lemma last_rounds:
  "last (rounds \<sigma> \<epsilon> x0 (Suc i)) =
     (fst (\<sigma> (x0, rounds \<sigma> \<epsilon> x0 i)), snd (\<sigma> (x0, rounds \<sigma> \<epsilon> x0 i)),
      \<epsilon> (x0, rounds \<sigma> \<epsilon> x0 i) (\<sigma> (x0, rounds \<sigma> \<epsilon> x0 i)))"
  by (simp add: Let_def split: prod.split)

lemma state_0: "state \<sigma> \<epsilon> x0 0 = x0"
  by (simp add: state_def last_state_def)

lemma state_Suc:
  "state \<sigma> \<epsilon> x0 (Suc i) = state \<sigma> \<epsilon> x0 i + delay \<sigma> \<epsilon> x0 i *\<^sub>R rate \<sigma> \<epsilon> x0 i"
  unfolding state_def delay_def rate_def last_rounds
  by (simp add: Let_def last_state_def split: prod.split)

lemma delay_positional:
  assumes "\<And>h. \<sigma> h = f (last_state h)"
  shows "delay \<sigma> \<epsilon> x0 i = snd (f (state \<sigma> \<epsilon> x0 i))"
  unfolding delay_def last_rounds state_def by (simp add: assms)

lemma rate_positional:
  assumes "\<And>h. \<sigma> h = f (last_state h)" and "valid_env M R \<epsilon>" and "fst (f (state \<sigma> \<epsilon> x0 i)) \<in> M"
  shows "rate \<sigma> \<epsilon> x0 i \<in> R (fst (f (state \<sigma> \<epsilon> x0 i)))"
  using assms(2,3) unfolding rate_def last_rounds state_def assms(1) valid_env_def
  by (metis prod.collapse snd_conv)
##############################
_Your assignment_
From the first line through the last, give the data above again exactly.

_Solution to this exercise_
lemma last_rounds:
  "last (rounds \<sigma> \<epsilon> x0 (Suc i)) =
     (fst (\<sigma> (x0, rounds \<sigma> \<epsilon> x0 i)), snd (\<sigma> (x0, rounds \<sigma> \<epsilon> x0 i)),
      \<epsilon> (x0, rounds \<sigma> \<epsilon> x0 i) (\<sigma> (x0, rounds \<sigma> \<epsilon> x0 i)))"
  by (simp add: Let_def split: prod.split)

lemma state_0: "state \<sigma> \<epsilon> x0 0 = x0"
  by (simp add: state_def last_state_def)

lemma state_Suc:
  "state \<sigma> \<epsilon> x0 (Suc i) = state \<sigma> \<epsilon> x0 i + delay \<sigma> \<epsilon> x0 i *\<^sub>R rate \<sigma> \<epsilon> x0 i"
  unfolding state_def delay_def rate_def last_rounds
  by (simp add: Let_def last_state_def split: prod.split)

lemma delay_positional:
  assumes "\<And>h. \<sigma> h = f (last_state h)"
  shows "delay \<sigma> \<epsilon> x0 i = snd (f (state \<sigma> \<epsilon> x0 i))"
  unfolding delay_def last_rounds state_def by (simp add: assms)

lemma rate_positional:
  assumes "\<And>h. \<sigma> h = f (last_state h)" and "valid_env M R \<epsilon>" and "fst (f (state \<sigma> \<epsilon> x0 i)) \<in> M"
  shows "rate \<sigma> \<epsilon> x0 i \<in> R (fst (f (state \<sigma> \<epsilon> x0 i)))"
  using assms(2,3) unfolding rate_def last_rounds state_def assms(1) valid_env_def
  by (metis prod.collapse snd_conv)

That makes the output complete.